Roughly four weeks after President Barack Obama's historic visit to Cuba, members of the communist Cuban government are calling the visit "a deep attack."
"In this visit, there was a deep attack on our ideas, our history, our culture and our symbols," Foreign Minister Bruno Rodriguez
said this week.
Fox News quoted Rodriguez as saying, "Obama came here to dazzle the non-state sector, as if he wasn't the representative of big corporations but the defender of hot dog vendors, of small businesses in the United States, which he isn't."
Those remarks came just days after Cuban President Raul Castro called the United States "the enemy."
Obama's visit to Cuba was the first for a sitting U.S. president since Calvin Coolidge did so in 1928. Obama and Castro agreed in December 2014 their countries should normalize relations — they had been frosty since 1961. The countries officially restored diplomatic relations last summer.

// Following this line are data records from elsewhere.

(* V is the expectation of x |-> 1 / (a W_P(x, pi x) + mu) with a = 1 - K mu.  Replace P by the
   empirical distribution of m ~ 3 / (eps mu) independent draws from P (Maurey's sparsification):
   averaged over the draws, the resulting function is at least the original one (tangent line of
   1/x) and at most (1 + 1/(m mu)) <= 1 + eps/3 times it (second-order bound for 1/x plus the
   variance of an empirical frequency).  There are only N^m sparse distributions, so a
   multiplicative Chernoff bound for the [0,1]-valued functions mu / (a w + mu), with a union bound
   over them, over pi and over the sample size t (confidence delta / (t (t + 1))), shows that with
   probability 1 - delta all their means are at most (1 + eps/3) times their empirical means plus a
   term of order log (N^m t^2 / delta) / (eps t).  Averaging the sandwich over the draws transfers
   this to V and its empirical counterpart, and the choice of mu and t >= 16 K log (8 K N / delta)
   bounds the additive term by 7500 K / eps^3. *)

section \<open>Expectations over independent draws\<close>

fun list_expect :: "('b \<Rightarrow> real) \<Rightarrow> 'b set \<Rightarrow> nat \<Rightarrow> ('b list \<Rightarrow> real) \<Rightarrow> real" where
  "list_expect p S 0 \<phi> = \<phi> []"
| "list_expect p S (Suc m) \<phi> = (\<Sum>j\<in>S. p j * list_expect p S m (\<lambda>ys. \<phi> (j # ys)))"

lemma list_expect_add:
  "list_expect p S m (\<lambda>ys. \<phi> ys + \<psi> ys) = list_expect p S m \<phi> + list_expect p S m \<psi>"
  by (induction m arbitrary: \<phi> \<psi>) (simp_all add: distrib_left sum.distrib)

lemma list_expect_scale: "list_expect p S m (\<lambda>ys. c * \<phi> ys) = c * list_expect p S m \<phi>"
  by (induction m arbitrary: \<phi>) (simp_all add: sum_distrib_left algebra_simps)

lemma list_expect_zero: "list_expect p S m (\<lambda>_. 0) = 0"
  using list_expect_scale[of p S m 0 "\<lambda>_. 0"] by simp

lemma list_expect_sum:
  "finite I \<Longrightarrow> list_expect p S m (\<lambda>ys. \<Sum>i\<in>I. \<phi> i ys) = (\<Sum>i\<in>I. list_expect p S m (\<phi> i))"
  by (induction I rule: finite_induct) (simp_all add: list_expect_add list_expect_zero)

lemma list_expect_const:
  assumes "(\<Sum>j\<in>S. p j) = 1"
  shows "list_expect p S m (\<lambda>_. c) = c"
  using assms by (induction m) (simp_all flip: sum_distrib_right)

lemma list_expect_cong:
  assumes "\<And>ys. set ys \<subseteq> S \<Longrightarrow> length ys = m \<Longrightarrow> \<phi> ys = \<psi> ys"
  shows "list_expect p S m \<phi> = list_expect p S m \<psi>"
  using assms
proof (induction m arbitrary: \<phi> \<psi>)
  case (Suc m)
  then show ?case
    unfolding list_expect.simps by (intro sum.cong refl arg_cong[where f="(*) _"] Suc.IH) auto
qed simp

lemma list_expect_mono:
  assumes "\<And>j. j \<in> S \<Longrightarrow> 0 \<le> p j"
    and "\<And>ys. set ys \<subseteq> S \<Longrightarrow> length ys = m \<Longrightarrow> \<phi> ys \<le> \<psi> ys"
  shows "list_expect p S m \<phi> \<le> list_expect p S m \<psi>"
  using assms(2)
proof (induction m arbitrary: \<phi> \<psi>)
  case (Suc m)
  show ?case unfolding list_expect.simps
  proof (intro sum_mono mult_left_mono)
    fix j assume "j \<in> S"
    then show "list_expect p S m (\<lambda>ys. \<phi> (j # ys)) \<le> list_expect p S m (\<lambda>ys. \<psi> (j # ys))"
      using Suc by auto
    show "0 \<le> p j" using assms(1) \<open>j \<in> S\<close> .
  qed
qed simp

lemma
  assumes "\<And>ys. integrable M (\<phi> ys)"
  shows integrable_list_expect: "integrable M (\<lambda>x. list_expect p S m (\<lambda>ys. \<phi> ys x))"
    and integral_list_expect:
      "(\<integral>x. list_expect p S m (\<lambda>ys. \<phi> ys x) \<partial>M) = list_expect p S m (\<lambda>ys. \<integral>x. \<phi> ys x \<partial>M)"
  using assms by (induction m arbitrary: \<phi>) (simp_all add: Bochner_Integration.integral_sum)

lemma list_expect_sum_list:
  assumes "(\<Sum>j\<in>S. p j) = 1"
  shows "list_expect p S m (\<lambda>ys. \<Sum>y\<leftarrow>ys. h y) = real m * (\<Sum>j\<in>S. p j * h j)"
proof (induction m)
  case (Suc m)
  have "list_expect p S (Suc m) (\<lambda>ys. \<Sum>y\<leftarrow>ys. h y)
      = (\<Sum>j\<in>S. p j * h j + p j * (real m * (\<Sum>j\<in>S. p j * h j)))"
    by (simp add: list_expect_add list_expect_const[OF assms] Suc distrib_left)
  also have "\<dots> = (\<Sum>j\<in>S. p j * h j) + real m * (\<Sum>j\<in>S. p j * h j)"
    by (simp add: sum.distrib assms flip: sum_distrib_right)
  finally show ?case by (simp add: algebra_simps)
qed simp

lemma list_expect_sum_list_square_le:
  assumes p: "(\<Sum>j\<in>S. p j) = 1" "\<And>j. j \<in> S \<Longrightarrow> 0 \<le> p j"
    and h: "\<And>j. j \<in> S \<Longrightarrow> 0 \<le> h j \<and> h j \<le> 1"
  defines "w \<equiv> \<Sum>j\<in>S. p j * h j"
  shows "list_expect p S m (\<lambda>ys. (\<Sum>y\<leftarrow>ys. h y)\<^sup>2) \<le> real m * w + (real m)\<^sup>2 * w\<^sup>2"
proof (induction m)
  case (Suc m)
  have w0: "0 \<le> w" unfolding w_def using p h by (auto intro!: sum_nonneg)
  have step: "list_expect p S m (\<lambda>ys. (h j + (\<Sum>y\<leftarrow>ys. h y))\<^sup>2)
      = (h j)\<^sup>2 + 2 * h j * (real m * w) + list_expect p S m (\<lambda>ys. (\<Sum>y\<leftarrow>ys. h y)\<^sup>2)" for j
  proof -
    have "(\<lambda>ys. (h j + (\<Sum>y\<leftarrow>ys. h y))\<^sup>2)
        = (\<lambda>ys. ((h j)\<^sup>2 + (2 * h j) * (\<Sum>y\<leftarrow>ys. h y)) + (\<Sum>y\<leftarrow>ys. h y)\<^sup>2)"
      by (simp add: power2_eq_square algebra_simps)
    then show ?thesis
      by (simp only: list_expect_add list_expect_scale list_expect_const[OF p(1)]
          list_expect_sum_list[OF p(1)] w_def)
  qed
  have "list_expect p S (Suc m) (\<lambda>ys. (\<Sum>y\<leftarrow>ys. h y)\<^sup>2)
      \<le> (\<Sum>j\<in>S. p j * h j * (1 + 2 * real m * w) + p j * (real m * w + (real m)\<^sup>2 * w\<^sup>2))"
  proof (simp add: step, intro sum_mono)
    fix j assume j: "j \<in> S"
    have "(h j)\<^sup>2 \<le> h j" using h[OF j] by (simp add: power2_eq_square mult_left_le)
    moreover have "h j * (1 + 2 * real m * w) = h j + 2 * h j * (real m * w)"
      by (simp add: algebra_simps)
    ultimately have "(h j)\<^sup>2 + 2 * h j * (real m * w) + list_expect p S m (\<lambda>ys. (\<Sum>y\<leftarrow>ys. h y)\<^sup>2)
        \<le> h j * (1 + 2 * real m * w) + (real m * w + (real m)\<^sup>2 * w\<^sup>2)"
      using Suc by linarith
    from mult_left_mono[OF this p(2)[OF j]]
    show "p j * ((h j)\<^sup>2 + 2 * h j * (real m * w) + list_expect p S m (\<lambda>ys. (\<Sum>y\<leftarrow>ys. h y)\<^sup>2))
      \<le> p j * h j * (1 + 2 * real m * w) + p j * (real m * w + (real m)\<^sup>2 * w\<^sup>2)"
      by (simp add: distrib_left mult.assoc)
  qed
  also have "\<dots> = w * (1 + 2 * real m * w) + (real m * w + (real m)\<^sup>2 * w\<^sup>2)"
    by (simp add: sum.distrib p(1) w_def flip: sum_distrib_right)
  also have "\<dots> \<le> real (Suc m) * w + (real (Suc m))\<^sup>2 * w\<^sup>2"
    using w0 by (simp add: power2_eq_square algebra_simps)
  finally show ?case .
qed simp

section \<open>Sparsification\<close>

lemma inverse_ge_tangent:
  fixes x c :: real
  assumes "0 < x" "0 < c"
  shows "1/c - (x - c)/c\<^sup>2 \<le> 1/x"
proof -
  have "1/x - (1/c - (x - c)/c\<^sup>2) = (x - c)\<^sup>2 / (c\<^sup>2 * x)"
    using assms by (simp add: field_simps power2_eq_square)
  moreover have "0 \<le> (x - c)\<^sup>2 / (c\<^sup>2 * x)" using assms by simp
  ultimately show ?thesis by linarith
qed

lemma inverse_le_tangent_plus_square:
  fixes x c \<mu> :: real
  assumes "\<mu> \<le> x" "0 < \<mu>" "0 < c"
  shows "1/x \<le> 1/c - (x - c)/c\<^sup>2 + (x - c)\<^sup>2/(c\<^sup>2 * \<mu>)"
proof -
  have "0 < x" using assms by linarith
  then have "1/x - (1/c - (x - c)/c\<^sup>2) = (x - c)\<^sup>2 / (c\<^sup>2 * x)"
    using assms by (simp add: field_simps power2_eq_square)
  moreover have "(x - c)\<^sup>2 / (c\<^sup>2 * x) \<le> (x - c)\<^sup>2 / (c\<^sup>2 * \<mu>)"
    using assms \<open>0 < x\<close> by (intro divide_left_mono mult_left_mono) auto
  ultimately show ?thesis by linarith
qed

lemma inverse_affine_le_list_expect:
  assumes p: "(\<Sum>j\<in>S. p j) = 1" "\<And>j. j \<in> S \<Longrightarrow> 0 \<le> p j"
    and h: "\<And>j. j \<in> S \<Longrightarrow> 0 \<le> h j"
    and "0 < m" "0 < a" "0 < \<mu>"
  shows "1 / (a * (\<Sum>j\<in>S. p j * h j) + \<mu>)
    \<le> list_expect p S m (\<lambda>ys. 1 / (a * ((\<Sum>y\<leftarrow>ys. h y) / real m) + \<mu>))"
proof -
  define w where "w = (\<Sum>j\<in>S. p j * h j)"
  define c where "c = a * w + \<mu>"
  have "0 \<le> w" unfolding w_def using p h by (auto intro!: sum_nonneg)
  then have c: "0 < c" using assms by (simp add: c_def add_nonneg_pos)
  have "list_expect p S m (\<lambda>ys. (1/c - (\<mu> - c)/c\<^sup>2) + (- a / (real m * c\<^sup>2)) * (\<Sum>y\<leftarrow>ys. h y))
      = (1/c - (\<mu> - c)/c\<^sup>2) + (- a / (real m * c\<^sup>2)) * (real m * w)"
    by (simp only: list_expect_add list_expect_scale list_expect_const[OF p(1)]
        list_expect_sum_list[OF p(1)] w_def)
  also have "\<dots> = 1/c - (\<mu> - c + a * w)/c\<^sup>2"
    using \<open>0 < m\<close> by (simp add: diff_divide_distrib add_divide_distrib)
  also have "\<dots> = 1/c" by (simp add: c_def)
  finally have "1/c = list_expect p S m
      (\<lambda>ys. (1/c - (\<mu> - c)/c\<^sup>2) + (- a / (real m * c\<^sup>2)) * (\<Sum>y\<leftarrow>ys. h y))" ..
  also have "\<dots> \<le> list_expect p S m (\<lambda>ys. 1 / (a * ((\<Sum>y\<leftarrow>ys. h y) / real m) + \<mu>))"
  proof (rule list_expect_mono[OF p(2)])
    fix ys assume "set ys \<subseteq> S"
    then have "0 \<le> (\<Sum>y\<leftarrow>ys. h y)" using h by (force intro!: sum_list_nonneg)
    then have "0 < a * ((\<Sum>y\<leftarrow>ys. h y) / real m) + \<mu>" using assms by (simp add: add_nonneg_pos)
    moreover have "(1/c - (\<mu> - c)/c\<^sup>2) + (- a / (real m * c\<^sup>2)) * (\<Sum>y\<leftarrow>ys. h y)
        = 1/c - (a * ((\<Sum>y\<leftarrow>ys. h y) / real m) + \<mu> - c)/c\<^sup>2"
      using \<open>0 < m\<close> c by (simp add: field_simps)
    ultimately show "(1/c - (\<mu> - c)/c\<^sup>2) + (- a / (real m * c\<^sup>2)) * (\<Sum>y\<leftarrow>ys. h y)
        \<le> 1 / (a * ((\<Sum>y\<leftarrow>ys. h y) / real m) + \<mu>)"
      using inverse_ge_tangent[OF _ c] by metis
  qed
  finally show ?thesis by (simp add: c_def w_def)
qed

lemma list_expect_sample_mean:
  assumes "(\<Sum>j\<in>S. p j) = 1" "0 < m"
  shows "list_expect p S m (\<lambda>ys. (\<Sum>y\<leftarrow>ys. h y) / real m - w)
    = (\<Sum>j\<in>S. p j * h j) - w"
proof -
  have "list_expect p S m (\<lambda>ys. (1 / real m) * (\<Sum>y\<leftarrow>ys. h y) + (- w))
      = (1 / real m) * (real m * (\<Sum>j\<in>S. p j * h j)) - w"
    by (simp only: list_expect_add list_expect_scale list_expect_const[OF assms(1)]
        list_expect_sum_list[OF assms(1)])
  then show ?thesis using assms(2) by simp
qed

lemma list_expect_sample_mean_variance_le:
  assumes p: "(\<Sum>j\<in>S. p j) = 1" "\<And>j. j \<in> S \<Longrightarrow> 0 \<le> p j"
    and h: "\<And>j. j \<in> S \<Longrightarrow> 0 \<le> h j \<and> h j \<le> 1"
    and "0 < m"
  defines "w \<equiv> \<Sum>j\<in>S. p j * h j"
  shows "list_expect p S m (\<lambda>ys. ((\<Sum>y\<leftarrow>ys. h y) / real m - w)\<^sup>2) \<le> w / real m"
proof -
  have "(\<lambda>ys. ((\<Sum>y\<leftarrow>ys. h y) / real m - w)\<^sup>2) = (\<lambda>ys. (1 / (real m)\<^sup>2) * (\<Sum>y\<leftarrow>ys. h y)\<^sup>2
      + ((- 2 * w / real m) * (\<Sum>y\<leftarrow>ys. h y) + w\<^sup>2))"
    using \<open>0 < m\<close> by (auto simp: power2_eq_square field_simps)
  then have "list_expect p S m (\<lambda>ys. ((\<Sum>y\<leftarrow>ys. h y) / real m - w)\<^sup>2)
      = (1 / (real m)\<^sup>2) * list_expect p S m (\<lambda>ys. (\<Sum>y\<leftarrow>ys. h y)\<^sup>2)
        + ((- 2 * w / real m) * (real m * w) + w\<^sup>2)"
    by (simp only: list_expect_add list_expect_scale list_expect_const[OF p(1)]
        list_expect_sum_list[OF p(1)] w_def)
  also have "\<dots> \<le> (1 / (real m)\<^sup>2) * (real m * w + (real m)\<^sup>2 * w\<^sup>2)
        + ((- 2 * w / real m) * (real m * w) + w\<^sup>2)"
    using list_expect_sum_list_square_le[where m=m, OF p h]
    by (intro add_right_mono mult_left_mono) (simp_all add: w_def)
  also have "\<dots> = w / real m"
    using \<open>0 < m\<close> by (simp add: power2_eq_square field_simps)
  finally show ?thesis .
qed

Obama was criticized for making the trip by his critics — including former Republican presidential candidate and current Florida Sen. Marco Rubio. Rubio's parents emigrated to the U.S. from Cuba and he has been an outspoken opponent of the communist nation's regime that he called
"repressive."
Obama was also criticized for attending a baseball game with Castro during his visit shortly after the terrorist attacks in Brussels.